14:41So, hourly is mostly for guard railing, like I said. Like, you know, we don't want to break users' experience no matter what. And having that hourly feedback cycle goes a long way in doing that. And then we also have daily pipelines, which serve as the statistical authority for decision-making. So, our first migration to GKE plus NVIDIA Spark Rapids was the hourly pipeline. Because, you know, speed mattered there far more, right? So, we migrated. And then we migrated and operationalized it.

15:14And during that process, we ran into a few corner cases. You know, if the GPU capacity wasn't available at, like, 11 a.m. When everybody was active on Snap, right? What do we do? So, we had to figure out how to gracefully fall back from GPUs to CPUs, right?
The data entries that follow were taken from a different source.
lemma weyl_group_comp_refl: "w \<in> weyl_group \<Phi> \<Longrightarrow> \<alpha> \<in> \<Phi> \<Longrightarrow> w \<circ> refl \<alpha> \<in> weyl_group \<Phi>"
proof (induction rule: weyl_group.induct)
  case weyl_id
  show ?case using weyl_group.weyl_step[OF weyl_group.weyl_id weyl_id] by simp
next
  case (weyl_step w \<beta>)
  show ?case
    using weyl_group.weyl_step[OF weyl_step.IH[OF weyl_step.prems] weyl_step.hyps(2)]
    by (simp only: comp_assoc)
qed

lemma finite_weyl_group: "finite (weyl_group \<Phi>)"
proof -
  let ?L = "{w. linear w \<and> w ` \<Phi> \<subseteq> \<Phi>}"
  have inj: "inj_on (\<lambda>w. restrict w \<Phi>) ?L"
  proof (rule inj_onI)
    fix u v assume "u \<in> ?L" "v \<in> ?L" and restrict: "restrict u \<Phi> = restrict v \<Phi>"
    have on_roots: "u \<alpha> = v \<alpha>" if "\<alpha> \<in> \<Phi>" for \<alpha>
      using fun_cong[OF restrict, of \<alpha>] that by simp
    have "u x = v x" for x
      by (rule linear_eq_on_span[of u v \<Phi>]) (use \<open>u \<in> ?L\<close> \<open>v \<in> ?L\<close> on_roots span_roots in auto)
    then show "u = v" by (rule ext)
  qed
  have "(\<lambda>w. restrict w \<Phi>) ` ?L \<subseteq> Pi\<^sub>E \<Phi> (\<lambda>_. \<Phi>)" by auto
  then have "finite ((\<lambda>w. restrict w \<Phi>) ` ?L)"
    by (rule finite_subset) (simp add: finite_PiE finite_roots)
  then have "finite ?L" using inj by (rule finite_imageD)
  moreover have "weyl_group \<Phi> \<subseteq> ?L"
    using weyl_group_linear weyl_group_image_roots by auto
  ultimately show ?thesis by (rule rev_finite_subset)
qed

lemma bij_betw_comp_refl: "\<alpha> \<in> \<Phi> \<Longrightarrow> bij_betw (\<lambda>w. w \<circ> refl \<alpha>) (weyl_group \<Phi>) (weyl_group \<Phi>)"
  by (rule bij_betwI[where g = "\<lambda>w. w \<circ> refl \<alpha>"])
    (simp_all add: weyl_group_comp_refl comp_assoc refl_comp_refl)

lemma Xvar_eq: "Xvar \<Phi> \<Delta> \<beta> w = (if - w \<beta> \<in> P then 1 else 0)"
  using inj_image_mem_iff[OF inj_uminus, of "- w \<beta>" P] by (simp add: Xvar_def)

lemma Xvar_comp_refl_self:
  assumes "\<beta> \<in> \<Phi>" "w \<in> weyl_group \<Phi>"
  shows "Xvar \<Phi> \<Delta> \<beta> (w \<circ> refl \<beta>) = 1 - Xvar \<Phi> \<Delta> \<beta> w"
proof -
  have "(w \<circ> refl \<beta>) \<beta> = - w \<beta>"
    using weyl_group_linear[OF assms(2)] by (simp add: refl_self linear_neg)
  moreover have "w \<beta> \<in> \<Phi>"
    using weyl_group_image_roots assms by blast
  ultimately show ?thesis
    using root_pos_or_neg[of "w \<beta>"] uminus_pos_root_notin[of "w \<beta>"] uminus_pos_root_notin[of "- w \<beta>"]
    by (auto simp: Xvar_eq)
qed

lemma Xvar_comp_refl_orthogonal: "\<gamma> \<bullet> \<beta> = 0 \<Longrightarrow> Xvar \<Phi> \<Delta> \<gamma> (w \<circ> refl \<beta>) = Xvar \<Phi> \<Delta> \<gamma> w"
  by (simp add: Xvar_def refl_orthogonal)

lemma indep_var_Xvar_if_orthogonal:
  assumes "\<beta> \<in> \<Phi>" "\<gamma> \<in> \<Phi>" "\<beta> \<bullet> \<gamma> = 0"
  shows "prob_space.indep_var (measure_pmf (pmf_of_set (weyl_group \<Phi>)))
    borel (Xvar \<Phi> \<Delta> \<beta>) borel (Xvar \<Phi> \<Delta> \<gamma>)"
proof (rule indep_var_pmf_of_set_toggled_bits)
  show "finite (weyl_group \<Phi>)" "weyl_group \<Phi> \<noteq> {}"
    using finite_weyl_group weyl_group.weyl_id by auto
  show "bij_betw (\<lambda>w. w \<circ> refl \<beta>) (weyl_group \<Phi>) (weyl_group \<Phi>)"
    "bij_betw (\<lambda>w. w \<circ> refl \<gamma>) (weyl_group \<Phi>) (weyl_group \<Phi>)"
    using assms(1,2) by (auto intro: bij_betw_comp_refl)
  fix w assume w: "w \<in> weyl_group \<Phi>"
  show "Xvar \<Phi> \<Delta> \<beta> w \<in> {0, 1}" "Xvar \<Phi> \<Delta> \<gamma> w \<in> {0, 1}"
    by (simp_all add: Xvar_def)
  show "Xvar \<Phi> \<Delta> \<beta> (w \<circ> refl \<beta>) = 1 - Xvar \<Phi> \<Delta> \<beta> w"
    using assms(1) w by (rule Xvar_comp_refl_self)
  show "Xvar \<Phi> \<Delta> \<gamma> (w \<circ> refl \<beta>) = Xvar \<Phi> \<Delta> \<gamma> w"
    using assms(3) by (simp add: Xvar_comp_refl_orthogonal inner_commute)
  show "Xvar \<Phi> \<Delta> \<gamma> (w \<circ> refl \<gamma>) = 1 - Xvar \<Phi> \<Delta> \<gamma> w"
    using assms(2) w by (rule Xvar_comp_refl_self)
qed

lemma dependent_pair_nonorthogonal:
  "\<beta> \<in> \<Phi> \<Longrightarrow> \<gamma> \<in> \<Phi> \<Longrightarrow> dependent_pair \<Phi> \<Delta> \<beta> \<gamma> \<Longrightarrow> \<beta> \<bullet> \<gamma> \<noteq> 0"
  using indep_var_Xvar_if_orthogonal by (auto simp: dependent_pair_def)

end

theorem lemma4p3:
  fixes \<Phi> \<Delta> \<Psi> :: "'a::euclidean_space set"
  assumes "root_system \<Phi>" and "simple_system \<Phi> \<Delta>" and "antichain \<Phi> \<Delta> \<Psi>"
  shows "(\<forall>\<beta>\<in>\<Psi>. \<forall>\<gamma>\<in>\<Psi>. \<beta> \<noteq> \<gamma> \<longrightarrow> \<beta> \<bullet> \<gamma> \<le> 0)
    \<and> card {{\<beta>, \<gamma>} | \<beta> \<gamma>. \<beta> \<in> \<Psi> \<and> \<gamma> \<in> \<Psi> \<and> \<beta> \<noteq> \<gamma> \<and> dependent_pair \<Phi> \<Delta> \<beta> \<gamma>}
        \<le> card \<Psi> - 1
    \<and> (\<forall>\<beta>\<in>\<Psi>. card {\<gamma>\<in>\<Psi>. \<gamma> \<noteq> \<beta> \<and> dependent_pair \<Phi> \<Delta> \<beta> \<gamma>} \<le> 3)"
proof -
  interpret based_root_system \<Phi> \<Delta>
    using assms(1,2) by (rule based_root_system.intro)
  interpret obtuse_family \<Psi> ht
    using assms(3) by (rule antichain_obtuse_family)
  have "\<Psi> \<subseteq> \<Phi>"
    using assms(3) pos_roots_subset by (auto simp: antichain_def)
  then have "\<beta> \<bullet> \<gamma> \<noteq> 0" if "\<beta> \<in> \<Psi>" "\<gamma> \<in> \<Psi>" "dependent_pair \<Phi> \<Delta> \<beta> \<gamma>" for \<beta> \<gamma>
    using that dependent_pair_nonorthogonal by blast
  then show ?thesis
    using inner_nonpos card_edges_le_if_nonorthogonal card_neighbours_le_3_if_nonorthogonal by blast
qed

end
And then, if the shared GKE resources itself was the constraint, then we had to gracefully fall back from CPUs to data proc clusters. So, building all of that with operational reliability in mind was also great.

15:47Yeah. Looking back on it, what learnings would you, you know, if there's a listener out there who's embarking on a similar project or trying to figure out maybe there's a, you know, like you said, kind of a daily cycle of when the GPUs are in use for inference and when they're not. And they're thinking about, you know, borrowing GPUs from other parts of the company. Learnings you would share from this whole process?

Learnings and Takeaways

16:11Is there a big takeaway? Something that surprised you? Right. Yeah. Right. So, the direction that NVIDIA is headed in is phenomenal for these kinds of needs. You know, NVIDIA Spark Rapids, like I said, zero code written. Yeah. Zero code changed. Amazing. To enable it. We had to figure out the image building and environment difference and whatnot. The testing cycles, obviously, any production workload needs to go through that regress rollout process. So, everybody needs to pay attention to it.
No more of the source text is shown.